Click the Fields sub-tab.

We need to create fields in our index to match the fields in our source data so that we can query against them.

Click on the button to add a new index field.

images/quick-start-guide/index/006_index_field.png

Creating an index field

Now create the fields using these values.

Name Type Store Index Positions Analyser Case Sensitive
StreamId Id Yes Yes No Keyword false
EventId Id Yes Yes No Keyword false
Id Id Yes Yes No Keyword false
Guid Text Yes Yes No Keyword false
FromIp Text Yes Yes No Keyword false
ToIp Text Yes Yes No Keyword false
Application Text Yes Yes Yes Alpha numeric false

You should now have:

images/quick-start-guide/index/007_index_field_list.png

Index field list

When you’ve done that, save the new index by clicking the button.

Create empty index XSLT

In order for Stroom to index the data, an XSLT is required to convert the event XML into an Index record. This can be a simple 1:1 mapping from event field to index field or something more complex, e.g. combining multiple event fields into one index field.

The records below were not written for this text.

theorem corollary3:
  shows "orth_clique_number (integer_mod_group 2 \<times>\<times> integer_mod_group 4) = 2"
proof -
  obtain S where "orth_clique Z2Z4 S" and "card S = 2"
    using Z2Z4_orthogonal_pair by blast
  then show ?thesis
    using orth_clique_card_le_2[OF Z2Z4_no_orthogonal_triangle] by (intro orth_clique_number_eqI)
qed

end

To create the XSLT for the Index:

  1. Right click on the Stroom 101 folder in the explorer tree, then select:

    New
    XSL Translation
  2. Name it Stroom 101.

  3. Click OK.

We will add the XSLT content later on.

Index pipeline

Now we are going to create a pipeline to send the processed data (Events) to the index we just created. Typically in Stroom all Raw Events are first processed into normalised Events conforming to the same XML schema to allow common onward processing of events from all sources.

We will create a pipeline to index the processed Event streams containing XML data.

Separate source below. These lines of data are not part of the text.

lemma poisson_mixture_tendsto:
  fixes a :: "nat \<Rightarrow> real"
  assumes "L > 0" and "a \<longlonglongrightarrow> A"
  shows "((\<lambda>t. \<Sum>n. exp (- L * t) * (L * t) ^ n / fact n * a n) \<longlongrightarrow> A) at_top"
proof (rule tendsto_weighted_suminf[OF _ poisson_weights_sums poisson_weight_tendsto_0[OF \<open>L > 0\<close>] \<open>a \<longlonglongrightarrow> A\<close>])
  show "\<forall>\<^sub>F t in at_top. \<forall>n. 0 \<le> exp (- L * t) * (L * t) ^ n / fact n"
    using eventually_ge_at_top[of 0] by eventually_elim (use \<open>L > 0\<close> in simp)
qed

lemma events_eq:
  "events m k = {Upd} \<union> SH ` {..<m} \<union> (\<lambda>(c, i). HN c i) ` ({..<m} \<times> {..<k})
     \<union> (\<lambda>(c, i, j). G c i j) ` (SIGMA c:{..<m}. SIGMA i:{..<k}. {..<k} - {i})"
proof -
  have "{HN c i |c i. c < m \<and> i < k} = (\<lambda>(c, i). HN c i) ` ({..<m} \<times> {..<k})"
    by auto
  moreover have "{G c i j |c i j. c < m \<and> i < k \<and> j < k \<and> i \<noteq> j}
      = (\<lambda>(c, i, j). G c i j) ` (SIGMA c:{..<m}. SIGMA i:{..<k}. {..<k} - {i})"
    by force
  ultimately show ?thesis
    unfolding events_def by simp
qed

lemma sum_events:
  fixes \<phi> :: "ev \<Rightarrow> real"
  shows "(\<Sum>e\<in>events m k. \<phi> e) = \<phi> Upd + (\<Sum>c<m. \<phi> (SH c)) + (\<Sum>c<m. \<Sum>i<k. \<phi> (HN c i))
     + (\<Sum>c<m. \<Sum>i<k. \<Sum>j\<in>{..<k} - {i}. \<phi> (G c i j))"
proof -
  define HNs where "HNs = (\<lambda>(c, i). HN c i) ` ({..<m} \<times> {..<k})"
  define Gs where "Gs = (\<lambda>(c, i, j). G c i j) ` (SIGMA c:{..<m}. SIGMA i:{..<k}. {..<k} - {i})"
  have fin: "finite HNs" "finite Gs"
    unfolding HNs_def Gs_def by auto
  have "(\<Sum>e\<in>events m k. \<phi> e) = (\<Sum>e\<in>{Upd} \<union> SH ` {..<m} \<union> HNs. \<phi> e) + (\<Sum>e\<in>Gs. \<phi> e)"
    unfolding events_eq HNs_def[symmetric] Gs_def[symmetric]
    by (rule sum.union_disjoint) (auto simp: fin HNs_def Gs_def)
  also have "(\<Sum>e\<in>{Upd} \<union> SH ` {..<m} \<union> HNs. \<phi> e) = \<phi> Upd + (\<Sum>e\<in>SH ` {..<m}. \<phi> e) + (\<Sum>e\<in>HNs. \<phi> e)"
    by (subst sum.union_disjoint) (auto simp: fin HNs_def image_iff)
  also have "(\<Sum>e\<in>SH ` {..<m}. \<phi> e) = (\<Sum>c<m. \<phi> (SH c))"
    by (subst sum.reindex) (auto simp: inj_on_def)
  also have "(\<Sum>e\<in>HNs. \<phi> e) = (\<Sum>(c, i)\<in>{..<m} \<times> {..<k}. \<phi> (HN c i))"
    unfolding HNs_def by (subst sum.reindex) (auto simp: inj_on_def case_prod_beta)
  also have "(\<Sum>e\<in>Gs. \<phi> e) = (\<Sum>(c, i, j)\<in>(SIGMA c:{..<m}. SIGMA i:{..<k}. {..<k} - {i}). \<phi> (G c i j))"
    unfolding Gs_def by (subst sum.reindex) (auto simp: inj_on_def case_prod_beta)
  finally show ?thesis
    by (simp add: sum.cartesian_product sum.Sigma)
qed

definition ordered_state :: "state \<Rightarrow> bool" where
  "ordered_state s \<longleftrightarrow> (case s of (v, h, x) \<Rightarrow> \<forall>c j. x c j \<le> h c \<and> h c \<le> v)"

lemma ordered_state_init_state: "ordered_state init_state"
  by (simp add: ordered_state_def init_state_def)

lemma ordered_state_act: "ordered_state s \<Longrightarrow> ordered_state (act e s)"
  by (cases s; cases e) (auto simp: ordered_state_def le_max_iff_disj le_SucI intro: order_trans)

lemma head_fresh_act:
  assumes "ordered_state s"
  shows "head_fresh c (act Upd s) = 0"
    and "head_fresh c (act (SH c') s) = (if c' = c then 1 else head_fresh c s)"
    and "head_fresh c (act (HN c' i) s) = head_fresh c s"
    and "head_fresh c (act (G c' i j) s) = head_fresh c s"
proof -
  obtain v h x where s: "s = (v, h, x)" and "h c \<le> v"
    using assms by (cases s) (auto simp: ordered_state_def)
  then show "head_fresh c (act Upd s) = 0"
    and "head_fresh c (act (SH c') s) = (if c' = c then 1 else head_fresh c s)"
    and "head_fresh c (act (HN c' i) s) = head_fresh c s"
    and "head_fresh c (act (G c' i j) s) = head_fresh c s"
    by (auto simp: head_fresh_def max_def)
qed

lemma set_fresh_act:
  assumes "ordered_state s"
  shows "set_fresh c S (act Upd s) = 0"
    and "set_fresh c S (act (SH c') s) = set_fresh c S s"
    and "set_fresh c S (act (HN c' i) s) = (if c' = c \<and> i \<in> S then head_fresh c s else set_fresh c S s)"
    and "set_fresh c S (act (G c' i j) s)
      = (if c' = c \<and> j \<in> S \<and> i \<notin> S then set_fresh c (S \<union> {i}) s else set_fresh c S s)"
proof -
  obtain v h x where s: "s = (v, h, x)" and ord: "\<And>c j. x c j \<le> h c" "\<And>c. h c \<le> v"
    using assms by (cases s) (auto simp: ordered_state_def)
  have below: "x c j' \<le> v" for j'
    using ord by (meson order_trans)
  have fresh_head: "x c j' = v \<Longrightarrow> h c = v" for j'
    using ord(1)[of c j'] ord(2)[of c] by simp
  have max_fresh: "max (x c j) (x c i) = v \<longleftrightarrow> x c j = v \<or> x c i = v"
    using below[of j] below[of i] by (auto simp: max_def)
  show "set_fresh c S (act Upd s) = 0"
    using s below by (auto simp: set_fresh_def) (metis Suc_n_not_le_n)
  show "set_fresh c S (act (SH c') s) = set_fresh c S s"
    using s by (simp add: set_fresh_def)
  show "set_fresh c S (act (HN c' i) s) = (if c' = c \<and> i \<in> S then head_fresh c s else set_fresh c S s)"
  proof (cases "c' = c \<and> i \<in> S")
    case True
    have "max (x c i) (h c) = h c"
      using ord(1) by (rule max_absorb2)
    then have "(\<exists>j'\<in>S. ((x c)(i := max (x c i) (h c))) j' = v) \<longleftrightarrow> h c = v"
      using True fresh_head by (auto simp: fun_upd_apply)
    then show ?thesis
      using s True by (auto simp: set_fresh_def head_fresh_def)
  qed (use s in \<open>auto simp: set_fresh_def\<close>)
  show "set_fresh c S (act (G c' i j) s)
      = (if c' = c \<and> j \<in> S \<and> i \<notin> S then set_fresh c (S \<union> {i}) s else set_fresh c S s)"
  proof (cases "c' = c")
    case True
    have "(\<exists>j'\<in>S. ((x c)(j := max (x c j) (x c i))) j' = v)
        \<longleftrightarrow> (\<exists>j'\<in>S. x c j' = v) \<or> (j \<in> S \<and> x c i = v)"
      using max_fresh by (auto simp: fun_upd_apply)
    then show ?thesis
      using s True by (auto simp: set_fresh_def)
  qed (use s in \<open>simp add: set_fresh_def\<close>)
qed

  1. Right click on the Stroom 101 folder in the explorer tree, then select:

    New
    Pipeline
  2. Name it Stroom 101.

  3. Click OK.

Select the Structure sub-tab to edit the structure of the pipeline.

Pipelines can inherit from other pipelines in Stroom so that you can benefit from re-use. We will inherit from an existing indexing template pipeline and then modify it for our needs.

  1. On the Structure sub tab, click the in the Inherit From entity picker.
  2. Select Template Pipelines / Indexing

You should now see the following structure:

images/quick-start-guide/index/012_indexing_pipeline.png

Indexing pipeline

Inheriting from another pipeline often means the structure is there but some properties may not have been set, e.g. xslt in the xsltFilter. If a property has been set in the partent pipeline then you can either use the inherited value or override it.

See the Pipeline Element Reference for details of what each element does.

Now we need to set the xslt property on the xsltFilter to point at the XSLT document we created earlier and set the index property on the indexFilter to point to the index we created.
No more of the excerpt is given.